A câmara fria
O juiz do Trabalho é pessoa espirituosa que nutre amistosa convivência com os advogados. Os momentos de tensão são superados, ora por sutis ironias, ora por brincadeiras que imprimem um clima de despojamento às audiências.
A advogada do reclamante requerera a produção de prova testemunhal com o objetivo de tentar desconstituir a conclusão do laudo pericial que apontara (equivocadamente) que o trabalho do reclamante não exigia ingresso e permanência freqüentes na câmara fria.
O magistrado compromissa a testemunha e a questiona:
- A senhora ingressava com o reclamante na câmara fria?
- Sim! - responde secamente a testemunha.
- Em média, quantos minutos lá permaneciam? - quer saber o magistrado.
- Pouco tempo, coisa de um minuto. Era pegar os alimentos e sair responde a testemunha.
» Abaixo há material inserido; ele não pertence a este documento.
lemma integral_cos_gauss1:
  assumes "v \<ge> 0"
  shows "(\<integral>y. cos (t * y) \<partial>gauss1 v) = exp (- t\<^sup>2 * v / 2)"
proof (cases "v = 0")
  case True
  then show ?thesis by (simp add: gauss1_def integral_return)
next
  case False
  then have "sqrt v > 0" using assms by simp
  from integral_cos_normal_density[OF this, of t] show ?thesis
    using False assms by (simp add: gauss1_def power_mult_distrib)
qed

lemma prob_space_gauss1: "v \<ge> 0 \<Longrightarrow> prob_space (gauss1 v)"
  by (auto simp: gauss1_def prob_space_return intro: prob_space_normal_density)

lemma sets_gauss1 [simp, measurable_cong]: "sets (gauss1 v) = sets borel"
  by (simp add: gauss1_def)

lemma space_gauss1 [simp]: "space (gauss1 v) = UNIV"
  by (simp add: gauss1_def)

lemma nn_integral_square_gauss1:
  assumes "v \<ge> 0"
  shows "(\<integral>\<^sup>+ y. ennreal (y\<^sup>2) \<partial>gauss1 v) = ennreal v"
proof (cases "v = 0")
  case True
  then show ?thesis by (simp add: gauss1_def nn_integral_return)
next
  case False
  then have "sqrt v > 0" using assms by simp
  from normal_moment_even[OF this, of 0 1]
  have moment: "has_bochner_integral lborel (\<lambda>y. normal_density 0 (sqrt v) y * y\<^sup>2) v"
    using assms by (simp add: power2_eq_square)
  have "(\<integral>\<^sup>+ y. ennreal (y\<^sup>2) \<partial>gauss1 v) =
      (\<integral>\<^sup>+ y. ennreal (normal_density 0 (sqrt v) y * y\<^sup>2) \<partial>lborel)"
    using False by (simp add: gauss1_def nn_integral_density ennreal_mult')
  also have "\<dots> = ennreal v"
    using moment by (subst nn_integral_eq_integral) (auto simp: has_bochner_integral_iff)
  finally show ?thesis .
qed

lemma prob_space_PiM_gauss1:
  "(\<And>i. q i \<ge> 0) \<Longrightarrow> prob_space (\<Pi>\<^sub>M i\<in>UNIV. gauss1 (q i))"
  by (rule prob_space_PiM) (auto intro: prob_space_gauss1)

lemma Hsp_eq_finite_square_sum: "Hsp = {x. (\<Sum>i. ennreal ((x i)\<^sup>2)) \<noteq> \<top>}"
proof (intro set_eqI iffI)
  fix x :: "nat \<Rightarrow> real"
  assume "x \<in> Hsp"
  then show "x \<in> {x. (\<Sum>i. ennreal ((x i)\<^sup>2)) \<noteq> \<top>}"
    unfolding Hsp_def by (simp add: ennreal_suminf_neq_top)
qed (auto simp: Hsp_def intro: summable_suminf_not_top)

lemma Hsp_in_sets_PiM_gauss1: "Hsp \<in> sets (\<Pi>\<^sub>M i\<in>UNIV. gauss1 (q i))"
proof -
  have "{x \<in> space (\<Pi>\<^sub>M i\<in>UNIV. gauss1 (q i)). (\<Sum>i. ennreal ((x i)\<^sup>2)) \<noteq> \<top>}
      \<in> sets (\<Pi>\<^sub>M i\<in>UNIV. gauss1 (q i))"
    by measurable
  then show ?thesis
    unfolding Hsp_eq_finite_square_sum by (simp add: space_PiM)
qed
- Vocês não ficavam lá dentro por um tempo maior, arrumando os alimentos? insiste o magistrado.
- Não ficávamos! Era bem como eu disse confirma a testemunha.
Exibindo expressão de incredulidade, o juiz fala para a advogada do reclamante:
- Acho que a senhora não vai querer perguntar mais nada, não é? Mas fique à vontade, a palavra é sua.
Inconformada, a advogada, que havia pedido a oitiva da testemunha pretendendo beneficiar seu cliente, insiste:
- Excelência, quero que a testemunha diga quantas vezes, em média, o reclamante ingressava na câmara fria, por dia.
- Poucas, umas cinco vezes por dia responde a antiga colega de trabalho.
- Mas sempre foi assim? insiste a procuradora.
Antes, porém, que a testemunha respondesse ao questionamento, o juiz se manifesta, tolhendo:
- Indefiro a pergunta. A doutora está insistindo em algo que não procede, de jeito nenhum. Se a testemunha disse que o tempo que ficavam lá dentro era pequeno, é porque era mesmo.
- Mas doutor... a advogada ainda tenta salvar a prova, ao que é interrompida pelo julgador, que determina o encerramento da tomada do depoimento.
- Doutora, por favor... ninguém gosta de ficar dentro de uma câmara fria. A menos que se agarre em um traseiro e fique o dia inteiro lá dentro - decide, com informalidade, o julgador, referindo-se, ambiguamente, ao nome que se dá a uma das partes do corpo do gado.
Então, ocorre a surpresa. A até então comedida testemunha revela o imprevisível:
- Houve uma vez, uma vez só, doutor, nas primeiras semanas em que a gente trabalhava junto, que ele - e apontou ao reclamante - tentou se chegar em mim, me agarrando pelo traseiro, mas eu afastei ele com um pedaço de paleta congelada... Então, ele nunca mais se meteu comigo, tanto que chegamos a ficar amigos, mas não íntimos.
- Tentou lhe agarrar dentro da câmara fria? - questiona incrédulo o julgador.
Risos, depois silêncio, o juiz pergunta reticente:
- Penso que as partes e seus advogados não vão querer que eu faça constar essa parte na assentada, porque afinal não tem nada a ver com os fatos da causa trabalhista e da insalubridade, não é?...
Ninguém quer. Duas semanas depois, na sentença, o juiz defere algumas das parcelas pleiteadas pelo reclamante.
O adicional de insalubridade é concedido, com a seguinte observação: "para fins dos cálculos de liquidação, deverá ser considerada a permanência média diária de apenas dez minutos no interior da câmara".